Una risposta concreta alle esigenze assistenziali dei cittadini e un pilastro per il potenziamento della sanità territoriale. È stata inaugurata, questo pomeriggio, la nuova Casa di Comunità di Roseto degli Abruzzi, alla presenza del presidente della Giunta regionale, Marco Marsilio, e dell’assessore alla Salute, Nicoletta Verì.
La struttura nasce con l'obiettivo di offrire un punto di riferimento continuo per le cure primarie, la diagnostica e l'assistenza ai pazienti fragili, decongestionando al contempo i pronto soccorso ospedalieri.
Marsilio ha sottolineato l'importanza strategica del nuovo modello di medicina territoriale che la Regione sta portando avanti in tutto l'Abruzzo.
"Finalmente prende corpo un progetto che l’Italia inseguiva da anni: colmare la carenza di sanità territoriale. La Casa di Comunità è il luogo a cui i cittadini possono rivolgersi non solo per le cure quotidiane, ma anche per urgenze non gravissime. Dobbiamo considerare che circa il 90% degli accessi ai pronto soccorso è costituito da codici bianchi o verdi; persone che non rischiano la vita, ma che finiscono per ingolfare le strutture ospedaliere. Questa struttura farà da filtro, offrendo un presidio sicuro sul territorio."
Marsilio ha inoltre ricordato l'ampia attenzione che la Regione sta dedicando alla città di Roseto, richiamando gli importanti investimenti in corso: per la difesa della costa 6 milioni di euro stanziati per scogliere e ripascimento.
Riguardo alle infrastrutture portuali, 5 milioni di euro investiti per il porto e le opere sul pontile.
Inoltre, il completamento del Palazzo dello Sport secondo i parametri internazionali, pronto a ospitare eventi e nazionali di massima categoria.
L'assessore Verì si è concentrata sugli aspetti assistenziali, sull'integrazione del personale medico e sui progressi della sanità regionale.
"Stiamo portando avanti l'accordo con i medici di medicina generale e abbiamo siglato una delibera per consentire ai medici della continuità assistenziale, su base volontaria, di operare in queste strutture. Questo garantisce un'assistenza continua sul territorio, fondamentale per ascoltare i pazienti fragili e anziani che non necessitano di cure complesse ospedaliere."
L'Assessore ha poi evidenziato due importanti traguardi regionali. 
Al recente confronto a Roma con Agenas e le altre regioni, l'Abruzzo è stato definito "regione verde", avendo raggiunto tutti gli standard e gli indicatori per la rete oncologica.
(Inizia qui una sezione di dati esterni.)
lemma stability_index_threshold:
  assumes "k \<ge> 0"
  shows "\<exists>\<gamma>c > 0. (\<forall>\<gamma> < \<gamma>c. stability_index k \<gamma> < 1) \<and> (\<forall>\<gamma> > \<gamma>c. stability_index k \<gamma> > 1)
                  \<and> (k = 0 \<longrightarrow> \<gamma>c = 1)"
proof -
  have "stability_index k (1/2) \<le> 1" "1 \<le> stability_index k 1"
    using assms unfolding stability_index_def by simp_all
  then obtain \<gamma>c where \<gamma>c: "1/2 \<le> \<gamma>c" "stability_index k \<gamma>c = 1"
    using IVT'[of "stability_index k" "1/2" 1 1] continuous_on_stability_index by auto
  have "stability_index k \<gamma> < 1" if "\<gamma> < \<gamma>c" for \<gamma>
  proof (cases "\<gamma> \<le> 1/2")
    case True
    then show ?thesis using stability_index_nonpos[of \<gamma> k] by simp
  next
    case False
    then show ?thesis using stability_index_strict_mono[OF assms _ that] \<gamma>c by simp
  qed
  moreover have "stability_index k \<gamma> > 1" if "\<gamma> > \<gamma>c" for \<gamma>
    using stability_index_strict_mono[OF assms \<gamma>c(1) that] \<gamma>c by simp
  moreover have "\<gamma>c = 1" if "k = 0"
    using \<gamma>c(2) that unfolding stability_index_def by simp
  moreover have "\<gamma>c > 0"
    using \<gamma>c(1) by simp
  ultimately show ?thesis
    by blast
qed

lemma stability_index_crossings:
  assumes "c > 0" "stability_index (-c) (1/2 + 1/c) > 1"
  obtains \<gamma>1 \<gamma>2 where "1/2 \<le> \<gamma>1" "\<gamma>1 < 1/2 + 1/c" "1/2 + 1/c < \<gamma>2"
    "stability_index (-c) \<gamma>1 = 1" "stability_index (-c) \<gamma>2 = 1"
proof -
  let ?g = "stability_index (-c)"
  define m where "m = 1/2 + 1/c"
  define T where "T = m + 8 / c\<^sup>2"
  have "1/2 < m" "m < T"
    using assms(1) unfolding m_def T_def by simp_all
  have "?g (1/2) \<le> 1" "?g T < 1"
    using stability_index_eventually_lt_one[OF assms(1), of T] \<open>1/2 < m\<close> \<open>m < T\<close>
    unfolding stability_index_def T_def by simp_all
  obtain \<gamma>1 where \<gamma>1: "1/2 \<le> \<gamma>1" "\<gamma>1 \<le> m" "?g \<gamma>1 = 1"
    using IVT'[of ?g "1/2" 1 m] \<open>?g (1/2) \<le> 1\<close> \<open>1/2 < m\<close> assms(2) continuous_on_stability_index
    unfolding m_def by fastforce
  obtain \<gamma>2 where \<gamma>2: "m \<le> \<gamma>2" "\<gamma>2 \<le> T" "?g \<gamma>2 = 1"
    using IVT2'[of ?g T 1 m] \<open>?g T < 1\<close> \<open>m < T\<close> assms(2) continuous_on_stability_index
    unfolding m_def by fastforce
  have "\<gamma>1 < m" "m < \<gamma>2"
    using \<gamma>1 \<gamma>2 assms(2) unfolding m_def by (auto simp: order.order_iff_strict)
  with \<gamma>1 \<gamma>2 show ?thesis
    using that unfolding m_def by blast
qed

lemma stability_index_window:
  assumes "c > 0" "stability_index (-c) (1/2 + 1/c) > 1"
  shows "\<exists>\<gamma>1 \<gamma>2. 0 < \<gamma>1 \<and> \<gamma>1 < \<gamma>2
           \<and> (\<forall>\<gamma>. stability_index (-c) \<gamma> > 1 \<longleftrightarrow> \<gamma>1 < \<gamma> \<and> \<gamma> < \<gamma>2)
           \<and> (\<forall>\<gamma>. \<gamma> < \<gamma>1 \<or> \<gamma> > \<gamma>2 \<longrightarrow> stability_index (-c) \<gamma> < 1)"
proof -
  let ?g = "stability_index (-c)"
  obtain \<gamma>1 \<gamma>2 where \<gamma>1: "1/2 \<le> \<gamma>1" "\<gamma>1 < 1/2 + 1/c" "?g \<gamma>1 = 1"
    and \<gamma>2: "1/2 + 1/c < \<gamma>2" "?g \<gamma>2 = 1"
    using stability_index_crossings[OF assms] by metis
  have below: "?g \<gamma> < 1" if "\<gamma> < \<gamma>1" for \<gamma>
  proof (cases "\<gamma> \<le> 1/2")
    case True
    then show ?thesis using stability_index_nonpos[of \<gamma> "-c"] by simp
  next
    case False
    then show ?thesis
      using stability_index_increasing_before_peak[OF assms(1), of \<gamma> \<gamma>1] that \<gamma>1 by simp
  qed
  have above: "?g \<gamma> < 1" if "\<gamma> > \<gamma>2" for \<gamma>
    using stability_index_decreasing_after_peak[OF assms(1), of \<gamma>2 \<gamma>] that \<gamma>2 by simp
  have inside: "?g \<gamma> > 1" if "\<gamma>1 < \<gamma>" "\<gamma> < \<gamma>2" for \<gamma>
  proof (cases "\<gamma> \<le> 1/2 + 1/c")
    case True
    then show ?thesis
      using stability_index_increasing_before_peak[OF assms(1), of \<gamma>1 \<gamma>] that \<gamma>1 by simp
  next
    case False
    then show ?thesis
      using stability_index_decreasing_after_peak[OF assms(1), of \<gamma> \<gamma>2] that \<gamma>2 by simp
  qed
  have "?g \<gamma> > 1 \<longleftrightarrow> \<gamma>1 < \<gamma> \<and> \<gamma> < \<gamma>2" for \<gamma>
    using below above inside \<gamma>1(3) \<gamma>2(2) by (metis less_irrefl not_less_iff_gr_or_eq)
  moreover have "0 < \<gamma>1" "\<gamma>1 < \<gamma>2"
    using \<gamma>1 \<gamma>2 by simp_all
  ultimately show ?thesis
    using below above by blast
qed

lemma stability_index_lt_one:
  assumes "c > 0" "stability_index (-c) (1/2 + 1/c) < 1"
  shows "stability_index (-c) \<gamma> < 1"
  using stability_index_le_peak[OF assms(1), of \<gamma>] assms(2) by simp

lemma stability_index_peak_compare:
  assumes "c > 0"
  shows "stability_index (-c) (1/2 + 1/c) > 1 \<longleftrightarrow> c\<^sup>2 / 4 < exp (- c - 2)"
    and "stability_index (-c) (1/2 + 1/c) < 1 \<longleftrightarrow> exp (- c - 2) < c\<^sup>2 / 4"
proof -
  define e where "e = exp (- c/2 - 1)"
  have "e \<ge> 0" "c / 2 \<ge> 0"
    using assms unfolding e_def by simp_all
  have e_sq: "exp (- c - 2) = e\<^sup>2"
    unfolding e_def by (simp flip: exp_double)
  have "c\<^sup>2 / 4 = (c / 2)\<^sup>2"
    by (simp add: power_divide)
  moreover have "(c / 2)\<^sup>2 < e\<^sup>2 \<longleftrightarrow> c / 2 < e" "e\<^sup>2 < (c / 2)\<^sup>2 \<longleftrightarrow> e < c / 2"
    using power_mono_iff[OF \<open>e \<ge> 0\<close> \<open>c / 2 \<ge> 0\<close>, of 2] power_mono_iff[OF \<open>c / 2 \<ge> 0\<close> \<open>e \<ge> 0\<close>, of 2]
    by (simp_all add: not_le[symmetric])
  ultimately show "stability_index (-c) (1/2 + 1/c) > 1 \<longleftrightarrow> c\<^sup>2 / 4 < exp (- c - 2)"
    and "stability_index (-c) (1/2 + 1/c) < 1 \<longleftrightarrow> exp (- c - 2) < c\<^sup>2 / 4"
    using assms unfolding stability_index_peak_value[OF assms] e_sq e_def[symmetric]
    by (simp_all add: field_simps)
qed

lemma stability_index_peak_gt_one:
  assumes "y < 0" "exp (y - 2) = y\<^sup>2 / 4" "0 < c" "c < - y"
  shows "stability_index (-c) (1/2 + 1/c) > 1"
proof -
  have "c\<^sup>2 < (- y)\<^sup>2"
    using assms by (intro power_strict_mono) auto
  then have "c\<^sup>2 / 4 < exp (y - 2)"
    using assms(2) by simp
  also have "\<dots> < exp (- c - 2)"
    using assms(4) by simp
  finally show ?thesis
    using stability_index_peak_compare(1)[OF assms(3)] by simp
qed

lemma stability_index_peak_lt_one:
  assumes "y < 0" "exp (y - 2) = y\<^sup>2 / 4" "- y < c"
  shows "stability_index (-c) (1/2 + 1/c) < 1"
proof -
  have "exp (- c - 2) < exp (y - 2)"
    using assms(3) by simp
  also have "\<dots> < c\<^sup>2 / 4"
    using assms power_strict_mono[of "- y" c 2] by simp
  finally show ?thesis
    using stability_index_peak_compare(2) assms by simp
qed

lemma jacobian_coeff_eq:
  "jacobian_coeff \<gamma> \<delta> = (1 - stability_index (1 - \<delta>) \<gamma>) / (2 * (1 + exp (\<gamma> - \<gamma> * \<delta>)))"
proof -
  have "exp ((1 - \<delta>) * \<gamma>) = exp (\<gamma> - \<gamma> * \<delta>)"
    by (simp add: algebra_simps)
  moreover have "1 + exp (\<gamma> - \<gamma> * \<delta>) > 0"
    by (simp add: add_pos_pos)
  ultimately show ?thesis
    unfolding jacobian_coeff_def stability_index_def by (simp add: field_simps)
qed

lemma path_jacobian_stable:
  assumes "stability_index (1 - \<delta>) \<gamma> < 1"
  shows "lin_stable (path_jacobian n \<gamma> \<delta>)"
  unfolding path_jacobian_eq
  by (rule lin_stable_smult_dirichlet_laplacian)
    (use assms in \<open>simp add: jacobian_coeff_eq add_pos_pos\<close>)

lemma path_jacobian_unstable_iff:
  assumes "n \<ge> 1"
  shows "lin_unstable (path_jacobian n \<gamma> \<delta>) \<longleftrightarrow> stability_index (1 - \<delta>) \<gamma> > 1"
proof -
  have "2 * (1 + exp (\<gamma> - \<gamma> * \<delta>)) > 0"
    by (simp add: add_pos_pos)
  then have "jacobian_coeff \<gamma> \<delta> < 0 \<longleftrightarrow> stability_index (1 - \<delta>) \<gamma> > 1"
    unfolding jacobian_coeff_eq by (simp add: pos_divide_less_eq)
  then show ?thesis
    unfolding path_jacobian_eq
    using lin_unstable_smult_dirichlet_laplacian[OF _ assms] not_lin_unstable_smult_dirichlet_laplacian
    by (meson not_less)
qed

lemma path_jacobian_threshold:
  assumes "n \<ge> 1" "\<delta> \<le> 1"
  shows "\<exists>\<gamma>c > 0. (\<forall>\<gamma>. 0 \<le> \<gamma> \<and> \<gamma> < \<gamma>c \<longrightarrow> lin_stable (path_jacobian n \<gamma> \<delta>))
           \<and> (\<forall>\<gamma>. \<gamma> > \<gamma>c \<longrightarrow> lin_unstable (path_jacobian n \<gamma> \<delta>))
           \<and> (\<delta> = 1 \<longrightarrow> \<gamma>c = 1)"
proof -
  obtain \<gamma>c where "\<gamma>c > 0" "\<forall>\<gamma> < \<gamma>c. stability_index (1 - \<delta>) \<gamma> < 1"
      "\<forall>\<gamma> > \<gamma>c. stability_index (1 - \<delta>) \<gamma> > 1" "\<delta> = 1 \<longrightarrow> \<gamma>c = 1"
    using stability_index_threshold[of "1 - \<delta>"] assms(2) by auto
  then show ?thesis
    using path_jacobian_stable path_jacobian_unstable_iff[OF assms(1)] by blast
qed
A breve verrà inoltre istituito il Tumor Board, un'équipe multidisciplinare per definire i percorsi terapeutici personalizzati dei pazienti.
In relazione all’abbattimento delle liste d'attesa, per l’assessore Verì, “sebbene permangano ritardi sulle prestazioni programmate (su cui è attivo un gruppo di lavoro e sono previsti ulteriori fondi), la Regione rispetta i tempi per i casi urgenti”. È inoltre attivo il servizio "SOS Liste d'Attesa" (già partito nella Asl di Teramo), che permette di riprogrammare i tempi delle visite dei pazienti in modo più efficiente attraverso piattaforme digitali.
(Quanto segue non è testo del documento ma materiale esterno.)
(* Let N - K = M up to the relabelling r, where K is the block or the antiblock on
   the consecutive points i, ..., i+3 of the 2k+4 points.  The points other than i..i+3 carry M
   via a relabelling h that preserves crossings (a rotation, a shift and a rotation).  Any matching
   X of the 2k points gives the matching h(X) + B or h(X) + A of the 2k+4 points, where B and A are
   the block and the antiblock at i.  B and A are disjoint and do not cross each other nor any chord
   between image points, so an edge X -- Y of DCM_k yields edges h(X) + B -- h(Y) + A and
   h(X) + A -- h(Y) + B of DCM_{k+2}.  Since N = h(M) + K, walking along the component of M
   gives for every member X a completion of h(X) in the component of N, and completions of
   different X differ. *)

(* For points in convex position, two chords cross iff their endpoints interleave; the
   combinatorial form below is symmetric in each chord and easy to transport. *)
definition interleaved :: "nat \<Rightarrow> nat \<Rightarrow> nat \<Rightarrow> nat \<Rightarrow> bool" where
  "interleaved a b c d \<longleftrightarrow> a \<noteq> b \<and> a \<noteq> c \<and> a \<noteq> d \<and> b \<noteq> c \<and> b \<noteq> d \<and> c \<noteq> d \<and>
     ((min a b < c \<and> c < max a b) \<noteq> (min a b < d \<and> d < max a b))"

lemma crosses_sym: "crosses e f \<Longrightarrow> crosses f e"
  unfolding crosses_def by blast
CASA DELLA COMUNITÀ DI ROSETO DEGLI ABRUZZI, DATI TECNICI:

  • Spesa totale: 3,8 milioni di euro
  • Struttura: l’edificio è composto da 3 corpi di fabbrica, il Corpo A e il Corpo B, di dimensioni di circa 45.1m x 11.3m (dimensioni strutturali), e il corpo C, che comprende il corpo centrale di ingresso e la pensilina metallica di copertura per una superficie complessiva di circa 880 mq.
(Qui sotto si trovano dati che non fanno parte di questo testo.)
text \<open>The last two WHB axioms say exactly that the canonical relations are mutually converse.\<close>

lemma Srel_eq_converse_Rrel: "Srel A = (Rrel A)\<inverse>"
proof (intro set_eqI iffI; clarify)
  fix P Q assume S: "(P, Q) \<in> Srel A"
  then have P: "pf P" and Q: "pf Q" and PQ: "P \<in> Xsp A" "Q \<in> Xsp A"
    and coimp: "\<And>x y. x \<in> wcar A \<Longrightarrow> y \<in> wcar A \<Longrightarrow> x \<in> Q \<Longrightarrow> y \<notin> Q \<Longrightarrow> wcoimp A x y \<in> P"
    unfolding Srel_def Xsp_iff by auto
  have "b \<in> P" if ab: "a \<in> wcar A" "b \<in> wcar A" "wimp A a b \<in> Q" "a \<in> P" for a b
  proof -
    have "wcoimp A (wimp A a b) (wbot A) \<in> P"
      using coimp ab Q by simp
    then show "b \<in> P"
      using ab P pf_up [OF P _ _ meet_coimp_imp_le [of a b]] by simp
  qed
  then show "(Q, P) \<in> Rrel A"
    using PQ unfolding Rrel_def by blast
next
  fix P Q assume R: "(Q, P) \<in> Rrel A"
  then have P: "pf P" and Q: "pf Q" and PQ: "P \<in> Xsp A" "Q \<in> Xsp A"
    and imp: "\<And>x y. x \<in> wcar A \<Longrightarrow> y \<in> wcar A \<Longrightarrow> wimp A x y \<in> Q \<Longrightarrow> x \<in> P \<Longrightarrow> y \<in> P"
    unfolding Rrel_def Xsp_iff by auto
  have "wcoimp A a b \<in> P" if ab: "a \<in> wcar A" "b \<in> wcar A" "a \<in> Q" "b \<notin> Q" for a b
  proof -
    have "wimp A (wtop A) (wcoimp A a b) \<in> Q"
      using ab Q pf_up [OF Q _ _ le_join_imp_coimp [of a b]] by simp
    then show ?thesis using imp [of "wtop A" "wcoimp A a b"] ab P by simp
  qed
  then show "(P, Q) \<in> Srel A"
    using PQ unfolding Srel_def by blast
qed

lemma sigma_subset: "sigma A a \<subseteq> Xsp A"
  unfolding sigma_def by blast

lemma sigma_meet: "a \<in> wcar A \<Longrightarrow> b \<in> wcar A \<Longrightarrow> sigma A (wmeet A a b) = sigma A a \<inter> sigma A b"
  and sigma_join: "a \<in> wcar A \<Longrightarrow> b \<in> wcar A \<Longrightarrow> sigma A (wjoin A a b) = sigma A a \<union> sigma A b"
  and sigma_top: "sigma A (wtop A) = Xsp A"
  and sigma_bot: "sigma A (wbot A) = {}"
  by (auto simp: sigma_def Xsp_iff)

lemma sigma_le_iff: "a \<in> wcar A \<Longrightarrow> b \<in> wcar A \<Longrightarrow> sigma A a \<subseteq> sigma A b \<longleftrightarrow> le a b"
  unfolding sigma_def Xsp_iff le_iff_prime_filters by blast

lemma sigma_inj: "a \<in> wcar A \<Longrightarrow> b \<in> wcar A \<Longrightarrow> sigma A a = sigma A b \<Longrightarrow> a = b"
  using sigma_le_iff [of a b] sigma_le_iff [of b a] le_antisym by simp


section \<open>The tense algebra of clopen sets\<close>

definition subbase :: "'a set set set" where
  "subbase = sigma A ` wcar A \<union> (\<lambda>a. Xsp A - sigma A a) ` wcar A"

definition sigma_diffs :: "('a \<times> 'a) list \<Rightarrow> 'a set set" where
  "sigma_diffs K = (\<Union>(a, b)\<in>set K. sigma A a - sigma A b)"

lemma mem_sigma_diffs: "Q \<in> sigma_diffs K \<longleftrightarrow> Q \<in> Xsp A \<and> (\<exists>(a, b)\<in>set K. a \<in> Q \<and> b \<notin> Q)"
  unfolding sigma_diffs_def sigma_def by blast

lemma tau_eq: "tau A = topology_generated_by subbase"
  unfolding tau_def subbase_def ..

lemma Xsp_in_subbase: "Xsp A \<in> subbase"
  unfolding subbase_def using sigma_top top_closed by (metis UnI1 image_eqI)

lemma Union_subbase: "\<Union>subbase = Xsp A"
  using Xsp_in_subbase sigma_subset unfolding subbase_def by blast

lemma topspace_tau [simp]: "topspace (tau A) = Xsp A"
  unfolding tau_eq topology_generated_by_topspace Union_subbase ..

lemma clopen_sigma_diff:
  assumes "a \<in> wcar A" "b \<in> wcar A"
  shows "openin (tau A) (sigma A a - sigma A b)" and "closedin (tau A) (sigma A a - sigma A b)"
proof -
  have subbasic: "openin (tau A) (sigma A c)" "openin (tau A) (Xsp A - sigma A c)" if "c \<in> wcar A" for c
    unfolding tau_eq using that by (auto intro: topology_generated_by_Basis simp: subbase_def)
  have "sigma A a - sigma A b = sigma A a \<inter> (Xsp A - sigma A b)"
    using sigma_subset by blast
  then show "openin (tau A) (sigma A a - sigma A b)"
    using subbasic assms by auto
  have "Xsp A - (sigma A a - sigma A b) = (Xsp A - sigma A a) \<union> sigma A b"
    and "sigma A a - sigma A b \<subseteq> Xsp A"
    using sigma_subset by blast+
  then show "closedin (tau A) (sigma A a - sigma A b)"
    unfolding closedin_def using subbasic assms sigma_subset by (auto intro: openin_Un)
qed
  • Servizi attivati e in corso di attivazione:

Punto Unico di Accesso
Cup e Cassa
Scelta e revoca del medico
Certificazioni medico-legali
Medicina specialistica e diagnostica ambulatoriale con 
ortopedia 
cardiologia, ecocardio e holter
dermatologia 
neurologia 
fisiatra 
piccola chirurgia
neurochirurgia
Odontoiatria, ortodonzia e protesi dentale
Oculistica
Otorinolaringoiatria
Pneumologia
Allergologia
urologia
Ambulatori di assistenza primaria
Assistenza domiciliare integrata
Continuità assistenziale
Presenza medica (OBBLIGATORIA H24, 7/7 gg)
Presenza infermieristica (OBBLIGATORIA H24, 7/7 gg)
Punto prelievi
Ambulatorio infermieristico e della cronicità
Ambulatorio dell’infermiere di famiglia e comunità
Servizio vaccinale
Servizio di igiene degli alimenti

RUP: ingegnere Roberto Di Ascenzo
Progettazione esecutiva: Promedia Srl
Ditta affidataria: Feliziani Italo 
Direttore dei lavori: architetto Marco Poltrone 
Coordinatore per la sicurezza: geometra Alberto Ortolani
Collaudatore: ingegnere Micaela Forcella.